### MATERIAL TO PROCESS
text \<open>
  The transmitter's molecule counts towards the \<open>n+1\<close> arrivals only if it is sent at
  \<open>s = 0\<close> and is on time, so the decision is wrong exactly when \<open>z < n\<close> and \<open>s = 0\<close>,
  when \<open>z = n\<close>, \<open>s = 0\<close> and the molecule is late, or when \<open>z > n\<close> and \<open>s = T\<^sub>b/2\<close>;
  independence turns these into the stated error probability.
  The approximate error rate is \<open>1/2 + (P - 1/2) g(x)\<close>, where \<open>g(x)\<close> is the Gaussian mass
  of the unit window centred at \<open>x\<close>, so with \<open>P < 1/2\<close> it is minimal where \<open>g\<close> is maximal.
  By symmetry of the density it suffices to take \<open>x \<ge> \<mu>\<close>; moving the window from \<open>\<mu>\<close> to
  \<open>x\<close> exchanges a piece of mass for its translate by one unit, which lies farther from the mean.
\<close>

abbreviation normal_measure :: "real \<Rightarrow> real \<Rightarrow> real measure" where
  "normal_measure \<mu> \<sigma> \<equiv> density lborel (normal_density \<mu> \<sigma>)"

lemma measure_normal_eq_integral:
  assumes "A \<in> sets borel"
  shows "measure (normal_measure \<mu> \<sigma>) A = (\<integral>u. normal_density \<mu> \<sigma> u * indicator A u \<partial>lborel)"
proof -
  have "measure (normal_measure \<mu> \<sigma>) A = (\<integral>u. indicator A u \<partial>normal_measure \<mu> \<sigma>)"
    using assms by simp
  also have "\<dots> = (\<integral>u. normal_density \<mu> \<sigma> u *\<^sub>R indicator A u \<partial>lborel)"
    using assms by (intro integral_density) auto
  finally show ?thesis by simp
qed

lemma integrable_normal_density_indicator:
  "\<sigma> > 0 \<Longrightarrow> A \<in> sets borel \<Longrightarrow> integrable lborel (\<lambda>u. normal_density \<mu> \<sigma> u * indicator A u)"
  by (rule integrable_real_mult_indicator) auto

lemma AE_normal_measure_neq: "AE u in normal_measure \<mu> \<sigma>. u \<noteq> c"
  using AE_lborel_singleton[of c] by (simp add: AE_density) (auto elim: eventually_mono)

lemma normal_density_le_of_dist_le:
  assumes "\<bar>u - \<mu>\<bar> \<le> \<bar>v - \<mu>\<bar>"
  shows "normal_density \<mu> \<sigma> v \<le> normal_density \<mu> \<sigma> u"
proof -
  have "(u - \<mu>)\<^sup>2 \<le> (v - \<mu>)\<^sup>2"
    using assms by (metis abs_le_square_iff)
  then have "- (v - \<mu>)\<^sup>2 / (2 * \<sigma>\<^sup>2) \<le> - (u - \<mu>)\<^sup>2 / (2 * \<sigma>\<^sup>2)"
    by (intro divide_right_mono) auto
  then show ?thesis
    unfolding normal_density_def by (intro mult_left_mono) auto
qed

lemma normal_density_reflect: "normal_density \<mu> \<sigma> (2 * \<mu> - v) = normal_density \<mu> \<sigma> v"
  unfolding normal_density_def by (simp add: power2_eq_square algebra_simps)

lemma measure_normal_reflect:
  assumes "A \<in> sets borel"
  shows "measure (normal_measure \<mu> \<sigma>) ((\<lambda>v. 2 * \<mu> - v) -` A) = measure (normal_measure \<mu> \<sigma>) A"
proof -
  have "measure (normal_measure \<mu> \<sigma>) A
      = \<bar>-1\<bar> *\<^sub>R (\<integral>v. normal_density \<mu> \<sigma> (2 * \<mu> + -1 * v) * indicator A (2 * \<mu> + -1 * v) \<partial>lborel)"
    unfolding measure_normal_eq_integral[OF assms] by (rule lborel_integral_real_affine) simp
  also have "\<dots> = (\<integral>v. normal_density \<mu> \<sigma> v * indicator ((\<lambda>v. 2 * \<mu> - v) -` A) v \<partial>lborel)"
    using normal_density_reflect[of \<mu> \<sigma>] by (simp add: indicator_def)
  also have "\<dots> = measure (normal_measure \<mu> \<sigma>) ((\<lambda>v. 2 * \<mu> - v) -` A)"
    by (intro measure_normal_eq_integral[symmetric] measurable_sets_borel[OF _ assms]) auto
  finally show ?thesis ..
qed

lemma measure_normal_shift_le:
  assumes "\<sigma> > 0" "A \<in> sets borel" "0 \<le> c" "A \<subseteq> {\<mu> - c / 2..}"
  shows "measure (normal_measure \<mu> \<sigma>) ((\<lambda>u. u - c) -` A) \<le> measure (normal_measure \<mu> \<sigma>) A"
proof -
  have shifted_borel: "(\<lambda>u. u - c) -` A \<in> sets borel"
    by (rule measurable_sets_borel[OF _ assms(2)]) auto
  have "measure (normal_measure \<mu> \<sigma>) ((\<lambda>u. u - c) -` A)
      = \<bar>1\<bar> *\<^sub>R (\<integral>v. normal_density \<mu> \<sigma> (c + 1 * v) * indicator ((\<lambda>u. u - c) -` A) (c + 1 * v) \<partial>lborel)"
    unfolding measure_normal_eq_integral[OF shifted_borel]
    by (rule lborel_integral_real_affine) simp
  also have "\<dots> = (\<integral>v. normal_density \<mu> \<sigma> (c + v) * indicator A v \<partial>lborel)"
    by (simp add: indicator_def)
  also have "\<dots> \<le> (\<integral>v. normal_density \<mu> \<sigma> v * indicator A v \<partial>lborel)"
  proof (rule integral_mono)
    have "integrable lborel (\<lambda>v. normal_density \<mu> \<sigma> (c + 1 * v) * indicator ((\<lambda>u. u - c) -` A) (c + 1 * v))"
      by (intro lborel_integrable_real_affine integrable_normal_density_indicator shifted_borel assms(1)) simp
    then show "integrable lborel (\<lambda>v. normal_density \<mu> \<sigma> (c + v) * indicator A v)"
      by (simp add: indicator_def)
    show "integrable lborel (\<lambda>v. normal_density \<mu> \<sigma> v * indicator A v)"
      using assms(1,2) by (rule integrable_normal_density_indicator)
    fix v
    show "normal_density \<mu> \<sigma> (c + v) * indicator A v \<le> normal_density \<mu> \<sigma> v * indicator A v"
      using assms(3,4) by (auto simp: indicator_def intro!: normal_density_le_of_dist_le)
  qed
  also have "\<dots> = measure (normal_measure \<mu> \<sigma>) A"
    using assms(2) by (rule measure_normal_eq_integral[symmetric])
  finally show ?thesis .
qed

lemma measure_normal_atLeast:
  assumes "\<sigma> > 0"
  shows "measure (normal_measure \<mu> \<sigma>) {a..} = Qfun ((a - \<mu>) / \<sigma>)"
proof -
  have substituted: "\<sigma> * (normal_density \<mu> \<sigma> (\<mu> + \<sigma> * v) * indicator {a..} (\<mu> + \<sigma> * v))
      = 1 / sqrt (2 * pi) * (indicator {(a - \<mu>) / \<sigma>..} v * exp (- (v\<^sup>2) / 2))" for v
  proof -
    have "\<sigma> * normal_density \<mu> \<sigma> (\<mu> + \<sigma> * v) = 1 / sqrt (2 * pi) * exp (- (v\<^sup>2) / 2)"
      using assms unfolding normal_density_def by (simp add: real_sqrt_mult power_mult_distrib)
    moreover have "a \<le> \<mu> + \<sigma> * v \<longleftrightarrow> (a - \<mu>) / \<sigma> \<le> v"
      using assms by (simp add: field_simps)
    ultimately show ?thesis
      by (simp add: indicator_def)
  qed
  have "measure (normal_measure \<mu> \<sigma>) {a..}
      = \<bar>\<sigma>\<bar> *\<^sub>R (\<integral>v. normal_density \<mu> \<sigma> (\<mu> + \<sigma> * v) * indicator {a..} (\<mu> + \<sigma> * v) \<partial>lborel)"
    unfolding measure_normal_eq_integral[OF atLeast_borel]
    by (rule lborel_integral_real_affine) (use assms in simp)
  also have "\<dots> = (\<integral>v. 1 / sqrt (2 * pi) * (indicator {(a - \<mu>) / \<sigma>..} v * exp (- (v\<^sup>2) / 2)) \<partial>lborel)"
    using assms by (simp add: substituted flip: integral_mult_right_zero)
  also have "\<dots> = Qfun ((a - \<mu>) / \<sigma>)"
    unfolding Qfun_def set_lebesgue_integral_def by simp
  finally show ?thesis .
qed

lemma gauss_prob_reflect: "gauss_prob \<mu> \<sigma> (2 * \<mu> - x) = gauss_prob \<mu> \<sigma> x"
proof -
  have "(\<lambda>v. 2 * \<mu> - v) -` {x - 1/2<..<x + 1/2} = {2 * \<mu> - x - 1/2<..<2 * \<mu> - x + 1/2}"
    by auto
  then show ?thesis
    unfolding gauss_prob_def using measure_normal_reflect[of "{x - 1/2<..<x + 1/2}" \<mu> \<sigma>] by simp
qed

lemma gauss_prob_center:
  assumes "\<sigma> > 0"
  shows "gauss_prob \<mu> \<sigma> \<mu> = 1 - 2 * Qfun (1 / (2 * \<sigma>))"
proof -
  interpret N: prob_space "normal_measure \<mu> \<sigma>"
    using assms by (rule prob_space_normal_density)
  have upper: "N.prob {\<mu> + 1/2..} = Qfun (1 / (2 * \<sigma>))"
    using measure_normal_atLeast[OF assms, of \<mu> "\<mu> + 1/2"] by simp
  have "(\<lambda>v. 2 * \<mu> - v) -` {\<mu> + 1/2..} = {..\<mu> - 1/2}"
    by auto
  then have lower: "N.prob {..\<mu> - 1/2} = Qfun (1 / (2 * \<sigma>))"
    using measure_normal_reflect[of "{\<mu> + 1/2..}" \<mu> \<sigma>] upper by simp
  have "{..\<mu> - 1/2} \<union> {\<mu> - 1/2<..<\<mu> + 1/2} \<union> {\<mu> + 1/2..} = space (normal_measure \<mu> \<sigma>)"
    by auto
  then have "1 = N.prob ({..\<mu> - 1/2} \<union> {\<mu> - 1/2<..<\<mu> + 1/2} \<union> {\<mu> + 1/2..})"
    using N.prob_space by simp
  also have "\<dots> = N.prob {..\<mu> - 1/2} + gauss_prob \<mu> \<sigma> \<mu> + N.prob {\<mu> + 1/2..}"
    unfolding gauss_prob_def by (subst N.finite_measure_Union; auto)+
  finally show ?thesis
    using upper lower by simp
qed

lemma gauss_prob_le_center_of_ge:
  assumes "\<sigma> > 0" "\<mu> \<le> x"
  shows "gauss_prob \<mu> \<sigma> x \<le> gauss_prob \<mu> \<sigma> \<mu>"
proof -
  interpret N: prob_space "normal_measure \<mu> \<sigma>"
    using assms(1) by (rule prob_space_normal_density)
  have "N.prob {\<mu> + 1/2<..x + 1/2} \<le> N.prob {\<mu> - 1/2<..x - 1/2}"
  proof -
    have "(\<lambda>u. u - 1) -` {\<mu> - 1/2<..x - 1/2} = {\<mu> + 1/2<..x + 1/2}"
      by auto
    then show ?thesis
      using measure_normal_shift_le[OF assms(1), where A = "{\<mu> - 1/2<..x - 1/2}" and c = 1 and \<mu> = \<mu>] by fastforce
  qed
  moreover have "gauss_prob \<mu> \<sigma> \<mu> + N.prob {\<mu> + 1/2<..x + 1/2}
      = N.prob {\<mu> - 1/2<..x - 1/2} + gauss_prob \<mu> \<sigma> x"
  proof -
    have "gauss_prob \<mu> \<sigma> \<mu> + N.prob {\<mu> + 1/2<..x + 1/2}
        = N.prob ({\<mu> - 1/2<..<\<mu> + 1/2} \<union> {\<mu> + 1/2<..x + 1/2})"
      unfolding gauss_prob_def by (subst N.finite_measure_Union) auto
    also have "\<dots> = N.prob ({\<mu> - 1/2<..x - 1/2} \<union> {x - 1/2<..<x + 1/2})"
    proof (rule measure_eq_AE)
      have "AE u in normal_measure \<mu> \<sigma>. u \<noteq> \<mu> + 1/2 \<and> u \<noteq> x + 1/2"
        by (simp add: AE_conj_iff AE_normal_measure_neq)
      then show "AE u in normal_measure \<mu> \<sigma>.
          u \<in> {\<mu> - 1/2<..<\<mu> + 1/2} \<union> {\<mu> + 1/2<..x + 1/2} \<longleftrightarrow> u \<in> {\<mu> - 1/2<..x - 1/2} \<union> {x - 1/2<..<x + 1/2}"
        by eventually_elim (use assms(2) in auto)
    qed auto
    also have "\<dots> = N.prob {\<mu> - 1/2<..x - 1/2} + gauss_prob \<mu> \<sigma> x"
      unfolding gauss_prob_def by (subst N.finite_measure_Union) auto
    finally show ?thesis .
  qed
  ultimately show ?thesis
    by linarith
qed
######
### MATERIAL TO PROCESS
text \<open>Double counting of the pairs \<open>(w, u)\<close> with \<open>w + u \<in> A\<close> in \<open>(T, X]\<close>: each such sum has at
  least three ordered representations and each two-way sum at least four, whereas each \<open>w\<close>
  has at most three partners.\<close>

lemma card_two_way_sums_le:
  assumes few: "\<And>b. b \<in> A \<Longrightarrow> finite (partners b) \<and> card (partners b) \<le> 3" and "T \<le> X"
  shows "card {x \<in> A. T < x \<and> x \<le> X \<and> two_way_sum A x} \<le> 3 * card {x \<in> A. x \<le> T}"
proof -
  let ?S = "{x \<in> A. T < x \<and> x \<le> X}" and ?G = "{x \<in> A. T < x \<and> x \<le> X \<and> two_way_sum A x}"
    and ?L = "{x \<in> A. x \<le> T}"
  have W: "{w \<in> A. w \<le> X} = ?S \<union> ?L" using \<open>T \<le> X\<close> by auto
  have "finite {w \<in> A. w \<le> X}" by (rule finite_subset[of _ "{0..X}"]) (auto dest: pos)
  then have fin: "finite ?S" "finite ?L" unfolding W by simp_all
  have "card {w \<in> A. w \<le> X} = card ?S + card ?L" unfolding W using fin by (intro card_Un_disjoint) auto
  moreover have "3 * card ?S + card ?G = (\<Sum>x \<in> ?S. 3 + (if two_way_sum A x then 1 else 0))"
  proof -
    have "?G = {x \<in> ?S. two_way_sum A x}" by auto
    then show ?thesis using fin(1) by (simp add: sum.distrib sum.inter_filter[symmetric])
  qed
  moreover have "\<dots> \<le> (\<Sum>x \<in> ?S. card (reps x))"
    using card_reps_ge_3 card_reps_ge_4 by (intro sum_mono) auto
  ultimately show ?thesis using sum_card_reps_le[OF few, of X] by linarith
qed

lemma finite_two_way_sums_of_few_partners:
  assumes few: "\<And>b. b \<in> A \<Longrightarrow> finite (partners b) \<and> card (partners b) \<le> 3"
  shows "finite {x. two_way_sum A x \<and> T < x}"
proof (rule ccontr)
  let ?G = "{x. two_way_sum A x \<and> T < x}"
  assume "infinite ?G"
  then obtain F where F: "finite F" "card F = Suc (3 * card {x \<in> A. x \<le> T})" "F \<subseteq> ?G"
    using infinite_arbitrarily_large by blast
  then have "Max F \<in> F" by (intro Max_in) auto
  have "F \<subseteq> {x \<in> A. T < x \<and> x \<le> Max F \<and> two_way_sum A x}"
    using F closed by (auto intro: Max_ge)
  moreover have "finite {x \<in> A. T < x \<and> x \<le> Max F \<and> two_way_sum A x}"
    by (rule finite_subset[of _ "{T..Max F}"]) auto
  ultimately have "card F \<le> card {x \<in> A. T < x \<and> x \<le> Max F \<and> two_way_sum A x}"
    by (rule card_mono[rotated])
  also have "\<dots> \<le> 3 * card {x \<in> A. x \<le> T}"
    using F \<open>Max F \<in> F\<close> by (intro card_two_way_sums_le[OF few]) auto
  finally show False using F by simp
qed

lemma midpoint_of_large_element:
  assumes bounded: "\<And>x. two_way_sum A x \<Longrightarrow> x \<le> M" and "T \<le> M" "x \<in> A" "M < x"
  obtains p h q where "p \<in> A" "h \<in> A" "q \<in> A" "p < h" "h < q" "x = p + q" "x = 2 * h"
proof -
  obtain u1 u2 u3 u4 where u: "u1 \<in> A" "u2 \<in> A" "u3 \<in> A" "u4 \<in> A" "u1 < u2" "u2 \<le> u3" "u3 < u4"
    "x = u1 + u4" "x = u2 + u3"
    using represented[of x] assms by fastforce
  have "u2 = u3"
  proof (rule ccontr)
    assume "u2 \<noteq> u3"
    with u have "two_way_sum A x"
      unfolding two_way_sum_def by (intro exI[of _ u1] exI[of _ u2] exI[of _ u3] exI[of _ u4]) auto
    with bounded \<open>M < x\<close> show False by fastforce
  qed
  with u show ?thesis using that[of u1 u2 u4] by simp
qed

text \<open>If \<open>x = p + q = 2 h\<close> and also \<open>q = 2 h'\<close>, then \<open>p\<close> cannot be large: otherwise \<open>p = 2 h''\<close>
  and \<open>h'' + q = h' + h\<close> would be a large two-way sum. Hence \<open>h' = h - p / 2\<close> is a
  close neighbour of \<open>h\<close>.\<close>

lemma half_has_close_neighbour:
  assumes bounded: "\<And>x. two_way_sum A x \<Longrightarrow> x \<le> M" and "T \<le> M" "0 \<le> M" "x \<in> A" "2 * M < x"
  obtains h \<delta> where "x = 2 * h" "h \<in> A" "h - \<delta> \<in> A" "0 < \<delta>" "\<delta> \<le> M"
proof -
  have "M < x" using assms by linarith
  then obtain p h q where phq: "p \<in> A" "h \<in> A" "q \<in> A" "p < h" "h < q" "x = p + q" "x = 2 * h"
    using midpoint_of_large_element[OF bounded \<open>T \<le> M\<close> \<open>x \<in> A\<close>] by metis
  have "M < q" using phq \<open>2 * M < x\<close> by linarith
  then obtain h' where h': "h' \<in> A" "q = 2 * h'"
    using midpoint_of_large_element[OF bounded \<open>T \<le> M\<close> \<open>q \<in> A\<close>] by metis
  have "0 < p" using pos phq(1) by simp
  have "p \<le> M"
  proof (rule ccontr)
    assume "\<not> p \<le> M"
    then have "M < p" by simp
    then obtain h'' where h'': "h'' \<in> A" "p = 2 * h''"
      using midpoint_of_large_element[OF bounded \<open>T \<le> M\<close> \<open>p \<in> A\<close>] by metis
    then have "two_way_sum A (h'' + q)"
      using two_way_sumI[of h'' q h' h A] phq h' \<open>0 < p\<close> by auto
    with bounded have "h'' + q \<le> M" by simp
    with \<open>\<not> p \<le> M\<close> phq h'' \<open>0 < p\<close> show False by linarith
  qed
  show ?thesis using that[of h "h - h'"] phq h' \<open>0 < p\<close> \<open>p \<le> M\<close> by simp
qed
######
> _EXERCISE_
The expected output is exactly the lines of the listing above between the line holding "using assms by (simp add: substituted" and the line holding "upper by simp", inclusive.

> _TASK SOLUTION_
    using assms by (simp add: substituted flip: integral_mult_right_zero)
  also have "\<dots> = Qfun ((a - \<mu>) / \<sigma>)"
    unfolding Qfun_def set_lebesgue_integral_def by simp
  finally show ?thesis .
qed

lemma gauss_prob_reflect: "gauss_prob \<mu> \<sigma> (2 * \<mu> - x) = gauss_prob \<mu> \<sigma> x"
proof -
  have "(\<lambda>v. 2 * \<mu> - v) -` {x - 1/2<..<x + 1/2} = {2 * \<mu> - x - 1/2<..<2 * \<mu> - x + 1/2}"
    by auto
  then show ?thesis
    unfolding gauss_prob_def using measure_normal_reflect[of "{x - 1/2<..<x + 1/2}" \<mu> \<sigma>] by simp
qed

lemma gauss_prob_center:
  assumes "\<sigma> > 0"
  shows "gauss_prob \<mu> \<sigma> \<mu> = 1 - 2 * Qfun (1 / (2 * \<sigma>))"
proof -
  interpret N: prob_space "normal_measure \<mu> \<sigma>"
    using assms by (rule prob_space_normal_density)
  have upper: "N.prob {\<mu> + 1/2..} = Qfun (1 / (2 * \<sigma>))"
    using measure_normal_atLeast[OF assms, of \<mu> "\<mu> + 1/2"] by simp
  have "(\<lambda>v. 2 * \<mu> - v) -` {\<mu> + 1/2..} = {..\<mu> - 1/2}"
    by auto
  then have lower: "N.prob {..\<mu> - 1/2} = Qfun (1 / (2 * \<sigma>))"
    using measure_normal_reflect[of "{\<mu> + 1/2..}" \<mu> \<sigma>] upper by simp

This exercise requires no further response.